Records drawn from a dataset

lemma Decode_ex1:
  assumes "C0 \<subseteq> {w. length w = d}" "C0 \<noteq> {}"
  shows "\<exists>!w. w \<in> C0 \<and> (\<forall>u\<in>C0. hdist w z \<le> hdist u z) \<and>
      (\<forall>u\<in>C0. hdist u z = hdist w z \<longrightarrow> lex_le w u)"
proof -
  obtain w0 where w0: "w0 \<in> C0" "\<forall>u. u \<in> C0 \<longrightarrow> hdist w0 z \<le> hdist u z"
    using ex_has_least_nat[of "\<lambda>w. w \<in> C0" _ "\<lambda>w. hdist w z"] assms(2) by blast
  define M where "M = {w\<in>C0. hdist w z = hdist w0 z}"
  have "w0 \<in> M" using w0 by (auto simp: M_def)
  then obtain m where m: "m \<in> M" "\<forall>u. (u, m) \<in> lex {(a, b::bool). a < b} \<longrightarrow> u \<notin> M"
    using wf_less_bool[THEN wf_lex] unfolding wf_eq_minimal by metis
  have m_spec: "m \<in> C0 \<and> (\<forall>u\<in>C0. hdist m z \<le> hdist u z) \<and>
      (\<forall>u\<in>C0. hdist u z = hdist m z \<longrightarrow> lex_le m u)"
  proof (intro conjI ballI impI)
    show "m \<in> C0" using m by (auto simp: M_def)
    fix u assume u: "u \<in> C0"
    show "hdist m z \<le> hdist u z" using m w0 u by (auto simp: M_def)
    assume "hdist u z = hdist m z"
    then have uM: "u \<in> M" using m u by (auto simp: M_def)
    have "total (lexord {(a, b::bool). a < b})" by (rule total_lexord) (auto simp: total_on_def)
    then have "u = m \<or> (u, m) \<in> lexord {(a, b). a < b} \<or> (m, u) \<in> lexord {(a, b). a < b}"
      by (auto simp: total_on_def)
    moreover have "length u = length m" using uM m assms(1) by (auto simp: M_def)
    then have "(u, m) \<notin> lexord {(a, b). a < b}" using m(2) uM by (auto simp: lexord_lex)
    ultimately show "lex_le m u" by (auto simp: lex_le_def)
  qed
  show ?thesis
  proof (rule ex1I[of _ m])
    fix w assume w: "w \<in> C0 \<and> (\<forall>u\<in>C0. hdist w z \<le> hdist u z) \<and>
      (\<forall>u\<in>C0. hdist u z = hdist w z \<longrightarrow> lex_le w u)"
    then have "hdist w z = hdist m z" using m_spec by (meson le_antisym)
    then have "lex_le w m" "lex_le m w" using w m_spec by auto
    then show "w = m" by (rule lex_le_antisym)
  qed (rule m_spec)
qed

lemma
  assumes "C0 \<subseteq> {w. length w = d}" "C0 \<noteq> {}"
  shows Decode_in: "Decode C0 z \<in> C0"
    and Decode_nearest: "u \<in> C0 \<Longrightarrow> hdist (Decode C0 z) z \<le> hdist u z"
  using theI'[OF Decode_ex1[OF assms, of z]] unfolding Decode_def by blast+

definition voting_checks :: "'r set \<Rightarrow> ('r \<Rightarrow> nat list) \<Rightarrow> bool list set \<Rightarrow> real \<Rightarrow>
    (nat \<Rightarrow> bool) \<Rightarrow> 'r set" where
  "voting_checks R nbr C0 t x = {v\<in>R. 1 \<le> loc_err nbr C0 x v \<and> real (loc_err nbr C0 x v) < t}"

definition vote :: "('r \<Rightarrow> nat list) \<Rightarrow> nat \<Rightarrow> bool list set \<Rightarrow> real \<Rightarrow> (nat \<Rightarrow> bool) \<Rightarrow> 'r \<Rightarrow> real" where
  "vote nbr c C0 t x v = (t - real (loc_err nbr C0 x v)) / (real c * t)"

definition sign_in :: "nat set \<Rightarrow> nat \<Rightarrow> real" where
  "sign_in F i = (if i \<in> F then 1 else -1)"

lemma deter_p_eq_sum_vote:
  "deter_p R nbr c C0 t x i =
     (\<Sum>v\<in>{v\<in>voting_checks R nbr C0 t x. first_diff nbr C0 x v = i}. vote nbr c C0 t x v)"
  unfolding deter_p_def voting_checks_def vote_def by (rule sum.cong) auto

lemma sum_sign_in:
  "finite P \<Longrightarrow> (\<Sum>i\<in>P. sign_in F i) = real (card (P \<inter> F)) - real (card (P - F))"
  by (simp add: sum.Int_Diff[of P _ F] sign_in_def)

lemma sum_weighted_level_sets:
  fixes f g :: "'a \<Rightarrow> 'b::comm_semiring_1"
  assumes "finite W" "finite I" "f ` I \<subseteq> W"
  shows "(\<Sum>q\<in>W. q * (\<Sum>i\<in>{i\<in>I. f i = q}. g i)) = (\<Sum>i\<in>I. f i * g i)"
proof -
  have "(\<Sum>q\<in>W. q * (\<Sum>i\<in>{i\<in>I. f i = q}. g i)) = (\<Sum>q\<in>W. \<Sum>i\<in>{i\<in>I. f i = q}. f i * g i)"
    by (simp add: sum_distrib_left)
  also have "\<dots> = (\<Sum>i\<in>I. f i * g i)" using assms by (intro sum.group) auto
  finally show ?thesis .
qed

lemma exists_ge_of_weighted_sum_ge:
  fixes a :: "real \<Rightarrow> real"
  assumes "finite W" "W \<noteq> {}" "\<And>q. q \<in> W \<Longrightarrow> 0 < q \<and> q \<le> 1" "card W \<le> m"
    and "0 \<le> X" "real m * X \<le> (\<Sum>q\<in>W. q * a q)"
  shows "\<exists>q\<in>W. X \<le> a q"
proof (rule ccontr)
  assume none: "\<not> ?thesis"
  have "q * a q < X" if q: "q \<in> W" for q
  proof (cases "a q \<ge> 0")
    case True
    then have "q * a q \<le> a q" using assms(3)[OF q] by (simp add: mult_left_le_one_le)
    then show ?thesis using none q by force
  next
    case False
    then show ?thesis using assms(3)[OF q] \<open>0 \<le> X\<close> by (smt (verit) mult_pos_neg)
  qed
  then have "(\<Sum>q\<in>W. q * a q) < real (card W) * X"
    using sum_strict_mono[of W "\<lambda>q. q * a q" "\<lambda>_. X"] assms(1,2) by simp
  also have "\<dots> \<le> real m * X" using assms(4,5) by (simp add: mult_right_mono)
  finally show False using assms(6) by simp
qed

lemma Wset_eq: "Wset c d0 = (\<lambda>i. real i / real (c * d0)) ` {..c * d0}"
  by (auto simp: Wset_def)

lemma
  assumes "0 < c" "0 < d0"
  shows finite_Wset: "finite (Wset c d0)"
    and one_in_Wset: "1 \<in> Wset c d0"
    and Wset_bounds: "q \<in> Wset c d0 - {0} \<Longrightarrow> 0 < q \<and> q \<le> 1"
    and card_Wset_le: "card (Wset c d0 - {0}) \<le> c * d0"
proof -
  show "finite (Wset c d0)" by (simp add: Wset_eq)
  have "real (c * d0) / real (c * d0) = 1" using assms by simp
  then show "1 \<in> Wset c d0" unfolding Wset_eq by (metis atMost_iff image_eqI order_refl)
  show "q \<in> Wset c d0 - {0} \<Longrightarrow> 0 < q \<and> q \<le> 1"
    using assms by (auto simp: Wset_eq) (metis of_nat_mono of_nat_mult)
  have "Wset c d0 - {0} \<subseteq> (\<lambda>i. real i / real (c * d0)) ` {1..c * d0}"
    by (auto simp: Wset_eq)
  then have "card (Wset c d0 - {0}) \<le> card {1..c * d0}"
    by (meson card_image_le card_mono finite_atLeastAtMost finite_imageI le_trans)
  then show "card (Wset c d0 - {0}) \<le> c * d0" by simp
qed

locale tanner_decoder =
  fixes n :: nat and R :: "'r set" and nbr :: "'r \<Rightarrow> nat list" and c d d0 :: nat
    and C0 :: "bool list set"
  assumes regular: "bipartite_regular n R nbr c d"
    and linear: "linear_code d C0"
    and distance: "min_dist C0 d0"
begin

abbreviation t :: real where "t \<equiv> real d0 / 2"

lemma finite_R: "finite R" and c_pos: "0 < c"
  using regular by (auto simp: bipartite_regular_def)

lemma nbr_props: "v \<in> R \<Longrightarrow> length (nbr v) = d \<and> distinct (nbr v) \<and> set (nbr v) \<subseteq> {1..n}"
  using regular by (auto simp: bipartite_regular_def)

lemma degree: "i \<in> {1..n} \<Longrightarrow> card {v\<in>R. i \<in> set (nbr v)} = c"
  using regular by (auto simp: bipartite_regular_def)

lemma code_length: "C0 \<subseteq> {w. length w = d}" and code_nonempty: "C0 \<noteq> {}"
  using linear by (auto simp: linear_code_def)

...

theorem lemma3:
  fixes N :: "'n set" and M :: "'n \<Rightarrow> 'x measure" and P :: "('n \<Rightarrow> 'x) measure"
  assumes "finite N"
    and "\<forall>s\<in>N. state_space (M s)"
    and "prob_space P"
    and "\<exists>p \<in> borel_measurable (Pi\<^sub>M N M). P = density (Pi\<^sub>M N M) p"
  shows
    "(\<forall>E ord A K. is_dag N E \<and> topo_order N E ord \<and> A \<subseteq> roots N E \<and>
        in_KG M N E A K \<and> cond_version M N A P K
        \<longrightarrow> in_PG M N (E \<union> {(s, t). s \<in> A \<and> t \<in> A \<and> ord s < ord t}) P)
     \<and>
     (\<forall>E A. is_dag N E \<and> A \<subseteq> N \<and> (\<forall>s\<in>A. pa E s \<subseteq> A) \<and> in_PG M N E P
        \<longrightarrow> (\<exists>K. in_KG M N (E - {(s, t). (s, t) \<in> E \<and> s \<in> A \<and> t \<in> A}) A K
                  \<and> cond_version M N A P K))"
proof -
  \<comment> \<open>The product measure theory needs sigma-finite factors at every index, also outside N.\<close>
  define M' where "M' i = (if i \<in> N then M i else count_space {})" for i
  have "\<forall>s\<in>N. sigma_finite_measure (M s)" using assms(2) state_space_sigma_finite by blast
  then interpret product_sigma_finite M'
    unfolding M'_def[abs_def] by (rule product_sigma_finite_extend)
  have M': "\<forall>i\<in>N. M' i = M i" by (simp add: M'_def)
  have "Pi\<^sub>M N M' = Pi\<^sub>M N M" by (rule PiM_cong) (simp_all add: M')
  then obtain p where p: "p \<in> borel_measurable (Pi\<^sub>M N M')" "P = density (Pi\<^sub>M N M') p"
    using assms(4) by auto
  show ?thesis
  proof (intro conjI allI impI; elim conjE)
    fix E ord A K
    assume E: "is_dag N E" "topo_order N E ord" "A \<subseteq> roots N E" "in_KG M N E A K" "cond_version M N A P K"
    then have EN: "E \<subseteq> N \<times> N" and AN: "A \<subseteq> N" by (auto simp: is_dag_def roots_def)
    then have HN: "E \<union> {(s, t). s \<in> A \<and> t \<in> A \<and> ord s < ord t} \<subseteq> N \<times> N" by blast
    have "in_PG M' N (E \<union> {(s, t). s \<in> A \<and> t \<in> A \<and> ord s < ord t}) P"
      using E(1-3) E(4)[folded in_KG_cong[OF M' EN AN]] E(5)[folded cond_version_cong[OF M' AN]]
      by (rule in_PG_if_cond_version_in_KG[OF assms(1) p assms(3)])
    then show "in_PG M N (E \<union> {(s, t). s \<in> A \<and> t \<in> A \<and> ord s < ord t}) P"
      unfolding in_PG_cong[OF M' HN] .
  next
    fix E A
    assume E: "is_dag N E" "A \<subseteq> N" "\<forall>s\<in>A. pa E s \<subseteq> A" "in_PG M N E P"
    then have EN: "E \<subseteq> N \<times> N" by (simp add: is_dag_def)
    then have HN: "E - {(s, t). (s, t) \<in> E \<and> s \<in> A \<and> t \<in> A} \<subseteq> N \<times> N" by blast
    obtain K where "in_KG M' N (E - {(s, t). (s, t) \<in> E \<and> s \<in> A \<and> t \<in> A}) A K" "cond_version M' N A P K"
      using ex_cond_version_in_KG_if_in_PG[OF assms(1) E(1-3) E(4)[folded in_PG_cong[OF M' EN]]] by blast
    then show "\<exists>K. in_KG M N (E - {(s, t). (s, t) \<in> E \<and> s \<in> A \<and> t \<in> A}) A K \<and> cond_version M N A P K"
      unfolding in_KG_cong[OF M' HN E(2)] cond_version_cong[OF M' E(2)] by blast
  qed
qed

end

WORK INSTRUCTIONS:
Only lines that contain "define" are needed, so copy each of them from the data.

SOLVED PROBLEM:
  define M where "M = {w\<in>C0. hdist w z = hdist w0 z}"
  define M' where "M' i = (if i \<in> N then M i else count_space {})" for i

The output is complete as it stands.